= Roger Woolhouse =

English philosopher

Roger Stuart Woolhouse (15 February 1940 - 24 September 2011) was an English philosopher, an expert on empiricism and rationalism and a biographer of John Locke.

==Biography==
He was born in Wath-upon-Dearne and educated at Saltburn Primary School, Sir William Turner's Grammar School, London University (philosophy) and then Selwyn College, Cambridge for his Doctorate.

From 1969 until his retirement in 2001, Woolhouse worked in the Department of Philosophy at the University of York.

Cambridge University Press requested Woolhouse write a biography of Locke, the last major biography being Maurice Cranston's 1957 work. Woolhouse's biography appeared in 2007.

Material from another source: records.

lemma ipoly_qfact_nonzero: "k < e \<Longrightarrow> ipoly (qfact k) w \<noteq> 0"
proof -
  assume k: "k < e"
  have "ipoly (qint i) w \<noteq> 0" if "i \<in> {1..k}" for i
    using that k ipoly_qint[of i] power_ne_1[of i] power_ne_1[of 1] by auto
  then show ?thesis by (simp add: qfact_def ipoly_prod)
qed

lemma ipoly_qfact_order: "1 < e \<Longrightarrow> ipoly (qfact e) w = 0"
  using ipoly_qint[of e] power_order order_pos
  by (auto simp: qfact_def ipoly_prod intro: prod_zero)

lemma ipoly_gauss_order: "0 < k \<Longrightarrow> k < e \<Longrightarrow> ipoly (gauss e k) w = 0"
proof -
  assume k: "0 < k" "k < e"
  have "ipoly (qfact e) w = ipoly (gauss e k) w * ipoly (qfact k) w * ipoly (qfact (e - k)) w"
    using qfact_eq_gauss_mult[of k e] k by simp
  moreover have "ipoly (qfact k) w \<noteq> 0" "ipoly (qfact (e - k)) w \<noteq> 0"
    using ipoly_qfact_nonzero k by auto
  ultimately show ?thesis using ipoly_qfact_order k by simp
qed

lemma q_lucas_step_no_carry:
  assumes r: "r < e" and s: "Suc s < e"
  shows "of_nat (A choose B) * ipoly (gauss r s) w
      + w ^ Suc s * (of_nat (A choose B) * ipoly (gauss r (Suc s)) w)
    = of_nat (((A * e + Suc r) div e) choose B) * ipoly (gauss ((A * e + Suc r) mod e) (Suc s)) w"
proof (cases "Suc r < e")
  case True
  then have "(A * e + Suc r) div e = A" "(A * e + Suc r) mod e = Suc r"
    by (rule mult_add_div_eq, rule mult_add_mod_eq)
  then show ?thesis by (simp add: algebra_simps)
next
  case False
  with r have "Suc r = e" by simp
  then have a: "(A * e + Suc r) div e = Suc A" "(A * e + Suc r) mod e = 0"
    using order_pos by simp_all
  have "ipoly (gauss r s) w + w ^ Suc s * ipoly (gauss r (Suc s)) w
      = ipoly (gauss (Suc r) (Suc s)) w"
    by simp
  also have "\<dots> = 0"
    using ipoly_gauss_order[of "Suc s"] s \<open>Suc r = e\<close> by simp
  finally have
    "of_nat (A choose B) * (ipoly (gauss r s) w + w ^ Suc s * ipoly (gauss r (Suc s)) w) = 0"
    by simp
  then show ?thesis unfolding a by (simp add: gauss_0_left algebra_simps)
qed

lemma q_lucas_step_carry:
  assumes r: "r < e" and s: "Suc s = e"
  shows "of_nat (A choose B) * ipoly (gauss r s) w + of_nat (A choose Suc B)
    = of_nat (((A * e + Suc r) div e) choose Suc B) * ipoly (gauss ((A * e + Suc r) mod e) 0) w"
proof (cases "Suc r < e")
  case True
  then have "(A * e + Suc r) div e = A" "(A * e + Suc r) mod e = Suc r"
    by (rule mult_add_div_eq, rule mult_add_mod_eq)
  moreover have "gauss r s = 0"
    using True s by (simp add: gauss_eq_0)
  ultimately show ?thesis by simp
next
  case False
  with r s have "r = s" "Suc r = e" by simp_all
  then have "(A * e + Suc r) div e = Suc A" "(A * e + Suc r) mod e = 0"
    using order_pos by simp_all
  then show ?thesis using \<open>r = s\<close> by simp
qed

lemma q_lucas_step:
  assumes r: "r < e" and s: "s < e"
  shows "of_nat (A choose B) * ipoly (gauss r s) w
      + w ^ Suc s * (of_nat (A choose ((B * e + Suc s) div e))
                     * ipoly (gauss r ((B * e + Suc s) mod e)) w)
    = of_nat (((A * e + Suc r) div e) choose ((B * e + Suc s) div e))
      * ipoly (gauss ((A * e + Suc r) mod e) ((B * e + Suc s) mod e)) w"
proof (cases "Suc s < e")
  case True
  then have "(B * e + Suc s) div e = B" "(B * e + Suc s) mod e = Suc s"
    by (rule mult_add_div_eq, rule mult_add_mod_eq)
  then show ?thesis using q_lucas_step_no_carry[OF r True] by simp
next
  case False
  with s have "Suc s = e" by simp
  then have "B * e + Suc s = Suc B * e" by simp
  then have "(B * e + Suc s) div e = Suc B" "(B * e + Suc s) mod e = 0" "w ^ Suc s = 1"
    using order_pos power_order \<open>Suc s = e\<close> by simp_all
  then show ?thesis using q_lucas_step_carry[OF r \<open>Suc s = e\<close>] by simp
qed

lemma q_lucas:
  "ipoly (gauss a b) w = of_nat ((a div e) choose (b div e)) * ipoly (gauss (a mod e) (b mod e)) w"
proof (induction a arbitrary: b)
  case 0
  show ?case
    using order_pos by (cases "b div e = 0") (auto simp: gauss_0_left div_eq_0_iff)
next
  case (Suc a)
  show ?case
  proof (cases b)
    case (Suc c)
    define A r B s where "A = a div e" and "r = a mod e" and "B = c div e" and "s = c mod e"
    have "r < e" "s < e"
      using order_pos by (simp_all add: r_def s_def)
    have sa: "Suc a = A * e + Suc r" and sb: "b = B * e + Suc s" and sc: "Suc c = B * e + Suc s"
      using Suc by (simp_all add: A_def r_def B_def s_def)
    have ih1: "ipoly (gauss a c) w = of_nat (A choose B) * ipoly (gauss r s) w"
      using Suc.IH[of c] by (simp only: A_def r_def B_def s_def)
    have ih2: "ipoly (gauss a (Suc c)) w
        = of_nat (A choose ((B * e + Suc s) div e)) * ipoly (gauss r ((B * e + Suc s) mod e)) w"
      using Suc.IH[of "Suc c"] by (simp only: A_def r_def sc[symmetric])
    have pow: "w ^ Suc c = w ^ Suc s"
      using power_mod_order[of "Suc c"] power_mod_order[of "Suc s"] unfolding sc by simp
    have "ipoly (gauss (Suc a) b) w = ipoly (gauss a c) w + w ^ Suc c * ipoly (gauss a (Suc c)) w"
      using Suc by simp
    also have "\<dots> = of_nat (A choose B) * ipoly (gauss r s) w
      + w ^ Suc s * (of_nat (A choose ((B * e + Suc s) div e))
                     * ipoly (gauss r ((B * e + Suc s) mod e)) w)"
      by (simp only: ih1 ih2 pow)
    also have "\<dots> = of_nat (((A * e + Suc r) div e) choose ((B * e + Suc s) div e))
      * ipoly (gauss ((A * e + Suc r) mod e) ((B * e + Suc s) mod e)) w"
      by (rule q_lucas_step) fact+
    finally show ?thesis by (simp only: sa sb)
  qed simp
qed

lemma ipoly_gauss_top:
  assumes "r < e"
  shows "ipoly (gauss (q * e + r) (p * e + (e - 1))) w
    = (if r = e - 1 then of_nat (q choose p) else 0)"
proof -
  have "e - 1 < e" using order_pos by simp
  then have p: "(p * e + (e - 1)) div e = p" "(p * e + (e - 1)) mod e = e - 1"
    by (rule mult_add_div_eq, rule mult_add_mod_eq)
  have q: "(q * e + r) div e = q" "(q * e + r) mod e = r"
    using assms by (rule mult_add_div_eq, rule mult_add_mod_eq)
  show ?thesis
    by (subst q_lucas, unfold p q) (use assms in \<open>auto simp: gauss_eq_0\<close>)
qed

lemma ipoly_gauss_block:
  "(\<Sum>r<e. ipoly (gauss (m * e + (e - 1) + (i * e + r)) (m * e + (e - 1))) w)
    = of_nat ((m + i) choose m)"
proof -
  obtain f where e: "e = Suc f" using order_pos by (cases e) auto
  have first_idx: "m * e + (e - 1) + (i * e + 0) = (m + i) * e + (e - 1)"
    by (simp add: algebra_simps)
  have first: "ipoly (gauss (m * e + (e - 1) + (i * e + 0)) (m * e + (e - 1))) w
      = of_nat ((m + i) choose m)"
    unfolding first_idx by (subst ipoly_gauss_top) (use e in auto)
  have rest_idx: "m * e + (e - 1) + (i * e + Suc r) = Suc (m + i) * e + r" for r
    using e by (simp add: algebra_simps)
  have rest: "ipoly (gauss (m * e + (e - 1) + (i * e + Suc r)) (m * e + (e - 1))) w = 0"
    if "r < f" for r
    unfolding rest_idx by (subst ipoly_gauss_top) (use that e in auto)
  show ?thesis
    unfolding e sum.lessThan_Suc_shift using first rest by (simp add: e)
qed

lemma ipoly_t_poly:
  assumes "0 < d"
  shows "ipoly (t_poly (d * e)) w = of_nat ((2 * d - 1) choose d)"
proof -
  obtain m where d: "d = Suc m" using assms by (cases d) auto
  have top: "d * e - 1 = m * e + (e - 1)"
    using d order_pos by (cases e) (simp_all add: algebra_simps)
  have "ipoly (t_poly (d * e)) w
      = (\<Sum>k<d * e. ipoly (gauss (m * e + (e - 1) + k) (m * e + (e - 1))) w)"
    by (simp only: t_poly_eq_sum_gauss ipoly_sum top)
  also have "\<dots> = (\<Sum>i<d. of_nat ((m + i) choose m))"
    by (simp only: sum_lessThan_mult_blocks ipoly_gauss_block)
  also have "\<dots> = of_nat (\<Sum>i\<le>m. (m + i) choose m)"
    using d by (simp add: lessThan_Suc_atMost)
  also have "\<dots> = of_nat ((2 * d - 1) choose d)"
    using choose_rising_sum(1)[of m m] d by (simp add: mult_2)
  finally show ?thesis .
qed

end

section \<open>Maximal laminar families of integer intervals\<close>

lemma card_disjoint_Un_le:
  assumes "finite A" "X \<union> Y \<subseteq> A" "X \<inter> Y = {}"
  shows "card X + card Y \<le> card A"
proof -
  have "card X + card Y = card (X \<union> Y)"
    using assms by (intro card_Un_disjoint[symmetric]) (auto intro: finite_subset)
  also have "\<dots> \<le> card A" using assms by (intro card_mono)
  finally show ?thesis .
qed

lemma card_disjoint_Un_less:
  assumes "finite A" "X \<union> Y \<subset> A" "X \<inter> Y = {}"
  shows "card X + card Y < card A"
proof -
  have "card X + card Y = card (X \<union> Y)"
    using assms by (intro card_Un_disjoint[symmetric]) (auto intro: finite_subset)
  also have "\<dots> < card A" using assms by (intro psubset_card_mono)
  finally show ?thesis .
qed

text \<open>This is what a triangulation becomes on the universal cover \<open>\<int>\<close> of the boundary
  circle: every boundary arc lifts to intervals in \<open>B\<close>, every radial arc to points in \<open>R\<close>.\<close>

locale maximal_laminar =
  fixes B :: "(int \<times> int) set" and R :: "int set" and N :: int
  assumes length_bounds: "(u, v) \<in> B \<Longrightarrow> 2 \<le> v - u \<and> v - u \<le> N"
    and laminar: "(u, v) \<in> B \<Longrightarrow> (u', v') \<in> B \<Longrightarrow> \<not> (u < u' \<and> u' < v \<and> v < v')"
    and point_outside: "r \<in> R \<Longrightarrow> (u, v) \<in> B \<Longrightarrow> \<not> (u < r \<and> r < v)"
    and interval_maximal: "2 \<le> v - u \<Longrightarrow> v - u \<le> N \<Longrightarrow>
      (\<And>u' v'. (u', v') \<in> B \<Longrightarrow> \<not> (u < u' \<and> u' < v \<and> v < v') \<and> \<not> (u' < u \<and> u < v' \<and> v' < v)) \<Longrightarrow>
      (\<And>r. r \<in> R \<Longrightarrow> \<not> (u < r \<and> r < v)) \<Longrightarrow> (u, v) \<in> B"
    and point_maximal: "(\<And>u v. (u, v) \<in> B \<Longrightarrow> \<not> (u < r \<and> r < v)) \<Longrightarrow> r \<in> R"
begin

text \<open>The third vertex of the triangle lying on the inner side of \<open>(u, v)\<close>.\<close>

definition apex :: "int \<Rightarrow> int \<Rightarrow> int" where
  "apex u v = Max ({z. u < z \<and> z < v \<and> (u, z) \<in> B} \<union> {u + 1})"

lemma apex_bounds:
  assumes "u + 2 \<le> v"
  shows "u < apex u v" "apex u v < v" "(u, apex u v) \<in> B \<or> apex u v = u + 1"
    "\<And>z. u < z \<Longrightarrow> z < v \<Longrightarrow> (u, z) \<in> B \<Longrightarrow> z \<le> apex u v"
proof -
  let ?S = "{z. u < z \<and> z < v \<and> (u, z) \<in> B} \<union> {u + 1}"
  have fin: "finite ?S"
    by (rule finite_subset[of _ "{u..v}"]) (use assms in auto)
  have "apex u v \<in> ?S"
    unfolding apex_def using fin by (rule Max_in) simp
  moreover have "z \<le> apex u v" if "z \<in> ?S" for z
    unfolding apex_def using fin that by (rule Max_ge)
  ultimately show "u < apex u v" "apex u v < v" "(u, apex u v) \<in> B \<or> apex u v = u + 1"
    "\<And>z. u < z \<Longrightarrow> z < v \<Longrightarrow> (u, z) \<in> B \<Longrightarrow> z \<le> apex u v"
    using assms by auto
qed

lemma apex_props:
  assumes "(u, v) \<in> B"
  shows "u < apex u v" "apex u v < v" "(u, apex u v) \<in> B \<or> apex u v = u + 1"
    "\<And>z. u < z \<Longrightarrow> z < v \<Longrightarrow> (u, z) \<in> B \<Longrightarrow> z \<le> apex u v"
  using apex_bounds[of u v] length_bounds[OF assms] by auto

lemma apex_right:
  assumes uv: "(u, v) \<in> B"
  shows "(apex u v, v) \<in> B \<or> v = apex u v + 1"
proof (cases "v = apex u v + 1")
  case False
  define z where "z = apex u v"
  have z: "u < z" "z < v" "(u, z) \<in> B \<or> z = u + 1"
    "\<And>y. u < y \<Longrightarrow> y < v \<Longrightarrow> (u, y) \<in> B \<Longrightarrow> y \<le> z"
    using apex_props[OF uv] unfolding z_def by auto
  have "(z, v) \<in> B"
  proof (rule interval_maximal)
    show "2 \<le> v - z" "v - z \<le> N" using False z length_bounds[OF uv] unfolding z_def by auto
  next
    fix u' v' assume b: "(u', v') \<in> B"
    have "\<not> (u' < z \<and> z < v' \<and> v' < v)"
    proof
      assume c: "u' < z \<and> z < v' \<and> v' < v"
      consider "u' < u" | "u' = u" | "u < u'" by linarith
      then show False
      proof cases
        case 1 then show False using laminar[OF b uv] c z by auto
      next
        case 2 then show False using z(4)[of v'] b c z(1) by auto
      next
        case 3
        then have "(u, z) \<in> B" using z c by auto
        then show False using laminar[OF _ b] c 3 by auto
      qed
    qed
    then show "\<not> (z < u' \<and> u' < v \<and> v < v') \<and> \<not> (u' < z \<and> z < v' \<and> v' < v)"
      using laminar[OF uv b] z by auto
  next
    fix r assume "r \<in> R"
    then show "\<not> (z < r \<and> r < v)" using point_outside[OF _ uv] z by auto
  qed
  then show ?thesis unfolding z_def by simp
qed simp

He died in 2011. After his death, York's Department of Philosophy founded the Roger Woolhouse Prize, an annual £500 prize awarded to MA Philosophy students.

==Works==
- Locke (Prentice Hall / Harvester Wheatsheaf, 1984).
- The Empiricists (Oxford University Press, 1988).
- Descartes, Spinoza, Leibniz: The Concept of Substance in Seventeenth Century Metaphysics (Routledge, 1993).
- "Locke: A Biography" (2007)
- Starting with Leibniz (Continuum, 2010).